E enquanto você existir e eu estiver privada da liberdade, ou até mesmo aí pertinho de você, a saudade vai morar em mim e vai morar em você. Eu te amo.

“Entendi que minhas cicatrizes eram muito mais que apenas cicatrizes. Elas contavam toda a minha história. Falavam sobre o caminho que percorri para chegar até ali”. “…afinal, alegrias e adversidades compõem quem somos.”
SAUDADE MÃE.”

Mediadas por Taisa Maria Laviani², as oficinas de zines realizadas na APAC Feminina de SJDR tem como objetivo abrir espaço para o diálogo, a reflexão, o fazer manual, a criatividade e a autoralidade, a partir da prática artística e comunicativa, bem como promover a circulação dessas narrativas e criações através da coluna Vida da Gente.

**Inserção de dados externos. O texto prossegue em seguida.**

text \<open>The k-th column of A_X is the column of A indexed by the k-th smallest element of X.\<close>
lemma colsub_facts:
  assumes A: "A \<in> carrier_mat m N" and X: "X \<subseteq> {0..<N}"
  shows colsub_carrier: "colsub A X \<in> carrier_mat m (card X)"
    and colsub_col: "\<And>k. k < card X \<Longrightarrow> col (colsub A X) k = col A (pick X k)"
    and colsub_pick_less: "\<And>k. k < card X \<Longrightarrow> pick X k < N"
    and colsub_pick_inj: "\<And>k l. k < card X \<Longrightarrow> l < card X \<Longrightarrow> k \<noteq> l \<Longrightarrow> pick X k \<noteq> pick X l"
proof -
  have cX: "{j. j < dim_col A \<and> j \<in> X} = X" using A X by auto
  have cR: "{i. i < dim_row A \<and> i \<in> UNIV} = {..<m}" using A by auto
  show cs: "colsub A X \<in> carrier_mat m (card X)"
    unfolding colsub_def carrier_mat_def using dim_submatrix[of A UNIV X] cX cR A by simp
  show pk: "pick X k < N" if "k < card X" for k
    using pick_in_set[of k X] that X by auto
  show "col (colsub A X) k = col A (pick X k)" if k: "k < card X" for k
  proof (rule eq_vecI)
    show "dim_vec (col (colsub A X) k) = dim_vec (col A (pick X k))" using cs A by simp
    fix i assume "i < dim_vec (col A (pick X k))"
    then have i: "i < m" using A by simp
    have "col (colsub A X) k $ i = colsub A X $$ (i, k)" using cs i k by simp
    also have "\<dots> = A $$ (pick UNIV i, pick X k)" unfolding colsub_def
      by (rule submatrix_index) (use i k cX cR A in auto)
    also have "\<dots> = col A (pick X k) $ i" using A i pk[OF k] by (simp add: pick_UNIV)
    finally show "col (colsub A X) k $ i = col A (pick X k) $ i" .
  qed
  show "pick X k \<noteq> pick X l" if "k < card X" "l < card X" "k \<noteq> l" for k l
    using pick_mono[of k X l] pick_mono[of l X k] that by (cases "k < l") auto
qed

Erguer a voz a partir de seu lugar no mundo é um ato de poder existir, se reconhecer e ser reconhecido. E o que as mulheres em situação de privação de liberdade tem a nos dizer? A nos mostrar? Fique de olho!

Notas

¹ O Fanzine, ou simplesmente zine, é uma publicação independente. Um zine é um veículo de comunicação (assim como o jornal, livro, revista, gibi, etc.) que pode assumir qualquer formato, abordar qualquer tema e ser publicado por qualquer pessoa, com os mais baixos recursos. Por isso, segue à risca o lema “faça você mesmo!”.

² Taisa Maria Laviani é formada em Ciências Sociais, pela Universidade Estadual Paulista, zineira e mestranda do Programa Interdepartamental de Pós-graduação Interdisciplinar em Artes Urbanidades e Sustentabilidade, da UFSJ.